Posted by "Michael McCandless (JIRA)" <ji...@apache.org>.

    [ https://issues.apache.org/jira/browse/LUCENE-2553?page=com.atlassian.jira.plugin.system.issuetabpanels:comment-tabpanel&focusedCommentId=12891984#action_12891984 ] 

Michael McCandless commented on LUCENE-2553:
--------------------------------------------

The IndexReader/Searcher.document call, itself, isn't that performant, regardless of whether you call it inside a custom Collector or outside.  If you need random-access to certain field(s) across all docs it's best to use FieldCache.DEFAULT.getXXX instead.

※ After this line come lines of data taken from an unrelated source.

(* Let $\theta>1$, $r\in(\theta^{-1},\theta^{-1/2}]$ and $s=\max\big(1,\frac{\ln\theta}{\ln(r\theta)}-2\big)$. Let $(P_1,\dots,P_n)$ be a random price sequence with values in $[1,\theta]$ and maximum $P^*$, and suppose the prediction is deterministic, $Y=y$ almost surely for a fixed $y\in[1,\theta]$. Then \[ \frac{\mathbb{E}[\mathsf{A}^1_r(P,Y)]}{\mathbb{E}[P^*]}\ \ge\ \frac1{r\theta}\,\Upsilon(y),\qquad \Upsilon(y):=\frac{\mathbb{E}\big[P^*\,\mathcal{E}(P^*,y)^{s}\big]}{\mathbb{E}[P^*]}. \]
   Context: One-max search: fix $\theta>1$. Prices $p_1,\dots,p_n\in[1,\theta]$ are revealed one at a time; the algorithm receives at the start a prediction $y\in[1,\theta]$ of the maximum price. At each step it irrevocably accepts the current price (payoff = that price) or rejects it; if nothing is accepted the payoff is $1$. Let $\varphi_r(z)=\frac{r\theta-1}{1-r}+\frac{1-r^2\theta}{1-r}\cdot\frac{z}{r\theta}$ and $\Phi^1_r(z)=\max(r\theta,\varphi_r(z))$; $\mathsf{A}^1_r$ accepts the first price $p_i\ge\Phi^1_r(y)$, and $\mathsf{A}^1_r(P,Y)$ is its payoff on the realized prices and prediction. $\mathcal{E}(a,b)=\min\{a/b,b/a\}$. *)

theory Defs
  imports "HOL-Probability.Probability"
begin

definition phi_r :: "real \<Rightarrow> real \<Rightarrow> real \<Rightarrow> real" where
  "phi_r \<theta> r z = (r*\<theta> - 1)/(1 - r) + (1 - r^2*\<theta>)/(1 - r) * (z/(r*\<theta>))"

definition Phi1 :: "real \<Rightarrow> real \<Rightarrow> real \<Rightarrow> real" where
  "Phi1 \<theta> r z = max (r*\<theta>) (phi_r \<theta> r z)"

definition A1 :: "real \<Rightarrow> real \<Rightarrow> nat \<Rightarrow> (nat \<Rightarrow> real) \<Rightarrow> real \<Rightarrow> real" where
  "A1 \<theta> r n p y =
     (case find (\<lambda>x. Phi1 \<theta> r y \<le> x) (map p [0..<n]) of None \<Rightarrow> 1 | Some x \<Rightarrow> x)"

definition maxprice :: "nat \<Rightarrow> (nat \<Rightarrow> real) \<Rightarrow> real" where
  "maxprice n p = Max (p ` {..<n})"

definition Eff :: "real \<Rightarrow> real \<Rightarrow> real" where
  "Eff a b = min (a/b) (b/a)"

end

theory Submission
  imports Defs
begin

(* The bound holds pathwise: writing E = E(P*,y), every price sequence satisfies
   P* E^s <= r theta A^1_r(P,y), and taking expectations gives the claim.  The function
   phi_r is the affine map through (r theta, r theta) and (theta, 1/r).  If some price
   reaches the threshold Phi = Phi^1_r(y), the payoff is at least Phi, and
   P* E^s <= P* E <= y <= r theta Phi.  Otherwise the payoff is 1 and P* < Phi; the only
   nontrivial case is P* > r theta, where Phi = phi_r(y) <= y, so E = P*/y and
   P* E^s = y (P*/y)^(s+1) <= y (phi_r(y)/y)^(s+1).  Since phi_r(y)/y is affine in u = 1/y,
   the function (phi_r(y)/y)^(s+1) - r theta u is convex in u; it vanishes at y = r theta
   and is nonpositive at y = theta iff (r theta)^(-(s+1)) <= r, that is, iff
   ln theta <= (s+2) ln (r theta), which is how s is chosen. *)

lemma convex_on_compose_affine:
  fixes g :: "real \<Rightarrow> real"
  assumes "convex_on T g" and "convex S" and "\<And>x. x \<in> S \<Longrightarrow> c*x + d \<in> T"
  shows "convex_on S (\<lambda>x. g (c*x + d))"
proof (rule convex_onI)
  fix t x y :: real
  assume "0 < t" "t < 1" "x \<in> S" "y \<in> S"
  have "c * ((1-t) *\<^sub>R x + t *\<^sub>R y) + d = (1-t) *\<^sub>R (c*x + d) + t *\<^sub>R (c*y + d)"
    by (simp add: algebra_simps)
  then show "g (c * ((1-t) *\<^sub>R x + t *\<^sub>R y) + d) \<le> (1-t) * g (c*x + d) + t * g (c*y + d)"
    using convex_onD[OF assms(1)] \<open>0 < t\<close> \<open>t < 1\<close> \<open>x \<in> S\<close> \<open>y \<in> S\<close> assms(3) by simp
qed fact

lemma convex_on_le_linear:
  fixes f :: "real \<Rightarrow> real"
  assumes "convex_on {a..b} f" and "f a \<le> c*a" and "f b \<le> c*b" and "x \<in> {a..b}"
  shows "f x \<le> c*x"
proof -
  have "convex_on {a..b} (\<lambda>x. f x - c*x)"
  proof (rule convex_onI)
    fix t x y :: real
    assume "0 < t" "t < 1" "x \<in> {a..b}" "y \<in> {a..b}"
    then have "f ((1-t) *\<^sub>R x + t *\<^sub>R y) \<le> (1-t) * f x + t * f y"
      by (intro convex_onD[OF assms(1)]) auto
    then show "f ((1-t) *\<^sub>R x + t *\<^sub>R y) - c * ((1-t) *\<^sub>R x + t *\<^sub>R y)
        \<le> (1-t) * (f x - c*x) + t * (f y - c*y)"
      by (simp add: algebra_simps)
  qed simp
  from convex_on_le_max[OF this assms(4)] assms(2,3) show ?thesis by simp
qed

lemma Eff_pos: "0 < a \<Longrightarrow> 0 < b \<Longrightarrow> 0 < Eff a b"
  by (simp add: Eff_def)

lemma Eff_le_1: "0 < a \<Longrightarrow> 0 < b \<Longrightarrow> Eff a b \<le> 1"
  by (cases "a \<le> b") (simp_all add: Eff_def min_le_iff_disj)

lemma Eff_le_divide: "Eff a b \<le> b / a"
  by (simp add: Eff_def)

lemma Eff_eq_divide:
  assumes "0 < a" and "a \<le> b"
  shows "Eff a b = a / b"
proof -
  have "a / b \<le> 1" and "1 \<le> b / a" using assms by simp_all
  then show ?thesis by (simp add: Eff_def)
qed

lemma Eff_powr_le_1: "0 < a \<Longrightarrow> 0 < b \<Longrightarrow> 0 \<le> s \<Longrightarrow> Eff a b powr s \<le> 1"
  by (intro powr_le1) (simp_all add: Eff_le_1 Eff_pos less_imp_le)

lemma maxprice_in_prices: "0 < n \<Longrightarrow> maxprice n p \<in> p ` {..<n}"
  unfolding maxprice_def by (rule Max_in) auto

lemma find_append:
  "find Q (xs @ ys) = (case find Q xs of None \<Rightarrow> find Q ys | Some x \<Rightarrow> Some x)"
  by (induction xs) auto

lemma A1_accepts: "i < n \<Longrightarrow> Phi1 \<theta> r y \<le> p i \<Longrightarrow> Phi1 \<theta> r y \<le> A1 \<theta> r n p y"
  by (auto simp: A1_def find_Some_iff split: option.split dest: find_None_iff[THEN iffD1])

lemma A1_rejects: "(\<And>i. i < n \<Longrightarrow> p i < Phi1 \<theta> r y) \<Longrightarrow> A1 \<theta> r n p y = 1"
  by (auto simp: A1_def find_None_iff[THEN iffD2] not_le)

lemma A1_in_prices: "A1 \<theta> r n p y \<in> insert 1 (p ` {..<n})"
  by (auto simp: A1_def find_Some_iff split: option.split)

lemma A1_Suc:
  "A1 \<theta> r (Suc n) p y =
    (if \<forall>j<n. p j < Phi1 \<theta> r y then (if Phi1 \<theta> r y \<le> p n then p n else 1) else A1 \<theta> r n p y)"
proof (cases "\<forall>j<n. p j < Phi1 \<theta> r y")
  case True
  then have "find (\<lambda>x. Phi1 \<theta> r y \<le> x) (map p [0..<n]) = None"
    by (auto simp: find_None_iff)
  with True show ?thesis by (simp add: A1_def find_append)
next
  case False
  then obtain x where "find (\<lambda>x. Phi1 \<theta> r y \<le> x) (map p [0..<n]) = Some x"
    by (cases "find (\<lambda>x. Phi1 \<theta> r y \<le> x) (map p [0..<n])") (auto simp: find_None_iff not_less)
  with False show ?thesis by (auto simp: A1_def find_append)
qed

lemma borel_measurable_A1:
  "(\<And>i. i < n \<Longrightarrow> (\<lambda>\<omega>. P \<omega> i) \<in> borel_measurable M) \<Longrightarrow>
    (\<lambda>\<omega>. A1 \<theta> r n (P \<omega>) y) \<in> borel_measurable M"
proof (induction n)
  case 0
  then show ?case by (simp add: A1_def)
next
  case (Suc n)
  have [measurable]: "(\<lambda>\<omega>. P \<omega> i) \<in> borel_measurable M" if "i \<le> n" for i
    using Suc.prems that by simp
  have [measurable]: "(\<lambda>\<omega>. A1 \<theta> r n (P \<omega>) y) \<in> borel_measurable M"
    using Suc by simp
  show ?case unfolding A1_Suc by measurable
qed

lemma phi_r_affine:
  "phi_r \<theta> r z = phi_r \<theta> r w + (1 - r^2*\<theta>) / ((1-r) * (r*\<theta>)) * (z - w)"
proof -
  have "phi_r \<theta> r z - phi_r \<theta> r w = (1 - r^2*\<theta>) / (1-r) * ((z - w) / (r*\<theta>))"
    unfolding phi_r_def by (simp add: diff_divide_distrib right_diff_distrib)
  also have "\<dots> = (1 - r^2*\<theta>) / ((1-r) * (r*\<theta>)) * (z - w)"
    by (simp add: times_divide_times_eq)
  finally show ?thesis by simp
qed

locale one_max_threshold =
  fixes \<theta> r :: real
  assumes \<theta>_gt_1: "1 < \<theta>" and r\<theta>_gt_1: "1 < r*\<theta>" and r2\<theta>_le_1: "r^2*\<theta> \<le> 1"
begin

lemma r_pos: "0 < r"
  using \<theta>_gt_1 r\<theta>_gt_1 by (smt (verit) zero_less_mult_iff)

lemma r_lt_1: "r < 1"
proof -
  have "r * (r*\<theta>) < 1 * (r*\<theta>)"
    using r2\<theta>_le_1 r\<theta>_gt_1 by (simp add: power2_eq_square mult.assoc)
  then show ?thesis using r\<theta>_gt_1 by (subst (asm) mult_less_cancel_right) auto
qed

definition phi_slope :: real where
  "phi_slope = (1 - r^2*\<theta>) / ((1-r) * (r*\<theta>))"

lemma phi_slope_nonneg: "0 \<le> phi_slope"
  unfolding phi_slope_def using r2\<theta>_le_1 r_lt_1 r\<theta>_gt_1 by simp

lemma r\<theta>_phi_slope_le_1: "r*\<theta> * phi_slope \<le> 1"
proof -
  have "r*\<theta> * phi_slope = (1 - r^2*\<theta>) / (1-r)"
    unfolding phi_slope_def using r_pos \<theta>_gt_1 by simp
  also have "\<dots> \<le> 1"
  proof -
    have "r * 1 \<le> r * (r*\<theta>)"
      using r_pos r\<theta>_gt_1 by (intro mult_left_mono) auto
    then show ?thesis using r_lt_1 by (simp add: power2_eq_square mult.assoc)
  qed
  finally show ?thesis .
qed

lemma phi_slope_le_1: "phi_slope \<le> 1"
proof -
  have "1 * phi_slope \<le> r*\<theta> * phi_slope"
    using r\<theta>_gt_1 phi_slope_nonneg by (intro mult_right_mono) auto
  then show ?thesis using r\<theta>_phi_slope_le_1 by simp
qed

lemma phi_r_at_r\<theta>: "phi_r \<theta> r (r*\<theta>) = r*\<theta>"
proof -
  have "phi_r \<theta> r (r*\<theta>) = (r*\<theta> - 1) / (1-r) + (1 - r^2*\<theta>) / (1-r)"
    unfolding phi_r_def using r_pos \<theta>_gt_1 by simp
  also have "\<dots> = ((r*\<theta> - 1) + (1 - r^2*\<theta>)) / (1-r)"
    by (rule add_divide_distrib[symmetric])
  also have "(r*\<theta> - 1) + (1 - r^2*\<theta>) = r*\<theta> * (1-r)"
    by (simp add: algebra_simps power2_eq_square)
  finally show ?thesis using r_lt_1 by simp
qed

lemma phi_r_at_\<theta>: "phi_r \<theta> r \<theta> = 1/r"
proof -
  have "phi_r \<theta> r \<theta> = r*\<theta> + phi_slope * (\<theta> - r*\<theta>)"
    using phi_r_affine[of \<theta> r \<theta> "r*\<theta>"] by (simp add: phi_r_at_r\<theta> phi_slope_def)
  also have "phi_slope * (\<theta> - r*\<theta>) = (1 - r^2*\<theta>) / r"
    unfolding phi_slope_def using r_pos r_lt_1 \<theta>_gt_1 by (simp add: field_simps)
  also have "r*\<theta> + (1 - r^2*\<theta>) / r = 1/r"
    using r_pos by (simp add: field_simps power2_eq_square)
  finally show ?thesis .
qed

lemma le_r\<theta>_Phi1:
  assumes "y \<le> \<theta>"
  shows "y \<le> r*\<theta> * Phi1 \<theta> r y"
proof -
  have "r*\<theta> * phi_r \<theta> r y = r*\<theta> * (1/r + phi_slope * (y - \<theta>))"
    using phi_r_affine[of \<theta> r y \<theta>] by (simp add: phi_r_at_\<theta> phi_slope_def)
  also have "\<dots> = \<theta> + (r*\<theta> * phi_slope) * (y - \<theta>)"
    using r_pos by (simp add: algebra_simps)
  also have "\<dots> \<ge> \<theta> + 1 * (y - \<theta>)"
    using r\<theta>_phi_slope_le_1 assms by (intro add_left_mono mult_right_mono_neg) auto
  finally have "y \<le> r*\<theta> * phi_r \<theta> r y" by simp
  also have "\<dots> \<le> r*\<theta> * Phi1 \<theta> r y"
    using r\<theta>_gt_1 unfolding Phi1_def by (intro mult_left_mono) auto
  finally show ?thesis .
qed

lemma phi_r_gt_r\<theta>D:
  assumes "r*\<theta> < phi_r \<theta> r y"
  shows "r*\<theta> < y" and "phi_r \<theta> r y \<le> y"
proof -
  have phi: "phi_r \<theta> r y = r*\<theta> + phi_slope * (y - r*\<theta>)"
    using phi_r_affine[of \<theta> r y "r*\<theta>"] by (simp add: phi_r_at_r\<theta> phi_slope_def)
  with assms phi_slope_nonneg show "r*\<theta> < y"
    by (smt (verit) mult_nonneg_nonpos)
  then have "phi_slope * (y - r*\<theta>) \<le> 1 * (y - r*\<theta>)"
    using phi_slope_le_1 by (intro mult_right_mono) auto
  with phi show "phi_r \<theta> r y \<le> y" by simp
qed

end

locale one_max_exponent = one_max_threshold +
  fixes s :: real
  assumes s_ge_1: "1 \<le> s" and ln_\<theta>_le: "ln \<theta> \<le> (s+2) * ln (r*\<theta>)"
begin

> IOException: read past EOF
> --------------------------
>
>                 Key: LUCENE-2553
>                 URL: https://issues.apache.org/jira/browse/LUCENE-2553
>             Project: Lucene - Java
>          Issue Type: Bug
>          Components: Search
>    Affects Versions: 3.0.2
>            Reporter: Kyle L.
>
> We have been getting an {{IOException}} with the following stack trace:
> \\
> \\
> {noformat}
> java.io.IOException: read past EOF
> 	at org.apache.lucene.store.BufferedIndexInput.refill(BufferedIndexInput.java:154)
> 	at org.apache.lucene.store.BufferedIndexInput.readByte(BufferedIndexInput.java:39)
> 	at org.apache.lucene.store.IndexInput.readInt(IndexInput.java:69)
> 	at org.apache.lucene.store.IndexInput.readLong(IndexInput.java:92)
> 	at org.apache.lucene.index.FieldsReader.doc(FieldsReader.java:218)
> 	at org.apache.lucene.index.SegmentReader.document(SegmentReader.java:901)
> 	at com.cargurus.search.IndexManager$AllHitsUnsortedCollector.collect(IndexManager.java:520)
> 	at org.apache.lucene.search.BooleanScorer2.score(BooleanScorer2.java:275)
> 	at org.apache.lucene.search.IndexSearcher.search(IndexSearcher.java:212)
> 	at org.apache.lucene.search.Searcher.search(Searcher.java:67)
>         ...
> {noformat}
> \\
> \\
> We have implemented a basic custom collector that collects all hits in an unordered manner:
> {code}
>     private class AllHitsUnsortedCollector extends Collector {
>         private Log logger = LogFactory.getLog(AllHitsUnsortedCollector.class); 
>         private IndexReader reader;
>         private int baselineDocumentId;
>         private List<Document> matchingDocuments = new ArrayList<Document>();
>         
>         @Override
>         public boolean acceptsDocsOutOfOrder() {
>             return true;
>         }
>         @Override
>         public void collect(int docId) throws IOException {
>             int documentId = baselineDocumentId + docId;
>             Document document = reader.document(documentId, getFieldSelector());
>             
>             if (document == null) {
>                 logger.info("Null document from search results!");
>             } else {
>                 matchingDocuments.add(document);
>             }
>         }
>         @Override
>         public void setNextReader(IndexReader segmentReader, int baseDocId) throws IOException {
>             this.reader = segmentReader;
>             this.baselineDocumentId = baseDocId;
>         }
>         @Override
>         public void setScorer(Scorer scorer) throws IOException {
>             // do nothing
>         }
>         public List<Document> getMatchingDocuments() {
>             return matchingDocuments;
>         }
>     }
> {code}
> The exception arises when users perform searches while indexing/optimization is occurring. Our {{IndexReader}} is read-only. From the documentation I have read, a read-only {{IndexReader}} instance should be immune from any uncommitted index changes and should return consistent results during indexing and optimization. As this exception occurs during indexing/optimization, it seems to me that the read-only {{IndexReader}} is somehow stumbling upon the uncommitted content? 
> The problem is difficult to replicate as it is sporadic in nature and so far has only occurred in Production.
> We have rebuilt the indexes a number of times, but that does not seem to alleviate the issue.
> Any other information I can provide that will help isolate the issue? 
> The most likely other possibility is that the {{Collector}} we have written is doing something it shouldn't. Any pointers?

-- 
This message is automatically generated by JIRA.
-
You can reply to this email to add a comment to the issue online.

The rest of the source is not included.